Nodalities

From Semantic Web to Web of Data
Nodalities

Updates

Follow us on:

Categories

Archives

License

Creative Commons License

Archive for the 'Nodalities Magazine' Category

Doing more with your data

|This post will feature in Nodalities Magazine, Issue 5
By Bill Roberts, co-founder of Swirrl

Helping people to do more with their data is what we are trying to achieve with Swirrl.  The ‘data silo’ problem is well-known and significant.  We think we can help to link the silos together.

I spent many years as an IT consultant and through working with a large number of organisations I saw how many inefficiencies there are in the sharing and re-use of data.  This wasn’t because they were bad companies: on the contrary, many of them were large, respected, successful and forward-looking.  But this is a hard problem and the bigger the group and the longer its history, then the harder it is.

Also there are trends in the way we work that are highlighting these difficulties: people are more mobile, working from home or travelling; companies change ownership frequently, meaning any large organisation is in a permanent state of trying to restructure and integrate with its latest acquisition;  through partnerships, outsourcing, contractors and consultants the boundaries of companies are more fluid, meaning that sharing information across the firewall is more important.

On the other hand, the world wide web shows the potential of connecting up large quantities  of information.  The “Enterprise 2.0” concept, of bringing ideas from web collaboration and social media into the world of work, has the potential to add enormous value and it’s a movement that seems to be building in momentum.

So what do people want to do with data, and how are we going to help them do it?  They want to use it to answer specific and sometimes complex questions.  Let’s list some of the requirements:

  1. You have to be able to find relevant data.
  2. You have to be able to understand it.
  3. You want to explore and analyse it.
  4. Once you’ve found your answer, it would be nice to make it easier for the next person with a similar question.

The first step to finding data is storing it somewhere with shared access.  Sounds simple: but a huge amount of information in most organisations doesn’t get over this first hurdle.  If you are working in a group where people are in different places or belong to different companies, then the problem is that much greater.  So our first task was to provide an easy-to-use shared environment for storing and accessing information.

There are lots of ways of doing this: but we are big fans of the wiki approach, for its simplicity, and because it follows the web based model that many people are now familiar with, allowing you to build up a network of links between related items. With a hosted wiki like Swirrl, the information is accessible anywhere with an internet connection and a web browser.  You don’t need to worry about installing client software, or worrying about client compatibility problems (OK, as any web developer knows, there are still compatibility issues across different browsers, but it’s a problem we can live with.)
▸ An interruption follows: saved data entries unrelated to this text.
lemma reduced_L_unique_minimizer:
  assumes small: "shell_bound \<le> coercivity_const / 20" "barycenter_const * shell_bound \<le> convexity_radius"
  shows "\<exists>!a. a \<in> ball 0 1 \<and> (\<forall>b\<in>ball 0 1. reduced_L E a \<le> reduced_L E b)"
proof -
  obtain a0 where a0: "norm a0 \<le> convexity_radius" and min: "\<And>b. norm b < 1 \<Longrightarrow> reduced_L E a0 \<le> reduced_L E b"
    using reduced_L_has_minimizer[OF small] by blast
  show ?thesis
  proof (rule ex1I[of _ a0])
    show "a0 \<in> ball 0 1 \<and> (\<forall>b\<in>ball 0 1. reduced_L E a0 \<le> reduced_L E b)"
      using a0 min convexity_radius_bounds by simp
  next
    fix a assume "a \<in> ball 0 1 \<and> (\<forall>b\<in>ball 0 1. reduced_L E a \<le> reduced_L E b)"
    then have a: "norm a < 1" and a_min: "\<And>b. norm b < 1 \<Longrightarrow> reduced_L E a \<le> reduced_L E b" by auto
    have "norm a \<le> convexity_radius"
      using norm_le_convexity_radius_if_reduced_L_nonpos[OF small a] a_min[of 0] by simp
    show "a = a0"
    proof (rule ccontr)
      assume "a \<noteq> a0"
      have "norm ((a + a0) /\<^sub>R 2) \<le> convexity_radius"
        using \<open>norm a \<le> convexity_radius\<close> a0 norm_triangle_ineq[of a a0] by simp
      then have "norm ((a + a0) /\<^sub>R 2) < 1" using convexity_radius_bounds by simp
      then have "reduced_L E a \<le> reduced_L E ((a + a0) /\<^sub>R 2)" "reduced_L E a0 \<le> reduced_L E ((a + a0) /\<^sub>R 2)"
        using a_min min by auto
      moreover have "2 * reduced_L E ((a + a0) /\<^sub>R 2) < reduced_L E a + reduced_L E a0"
        by (rule reduced_L_midpoint_less[OF small(1) \<open>norm a \<le> convexity_radius\<close> a0 \<open>a \<noteq> a0\<close>])
      ultimately show False by linarith
    qed
  qed
qed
It has to be as easy to use as creating a spreadsheet on your own hard drive, because if it’s significantly more difficult than that, then people will fall back into bad old habits.

OK, so we’ve made it accessible, now what? Well, you need to be able to organise it and search it.  For organisation, we use tagging and of course hyperlinks, which let you create your own index pages for various purposes.

With a web based model of storage, you open up a lot of options for searching.  But, when you are talking about data and facts, rather than text based documents, then you want to be able to run more structured searches and that means having some kind of structure.  That brings us on to our next point: understanding the data.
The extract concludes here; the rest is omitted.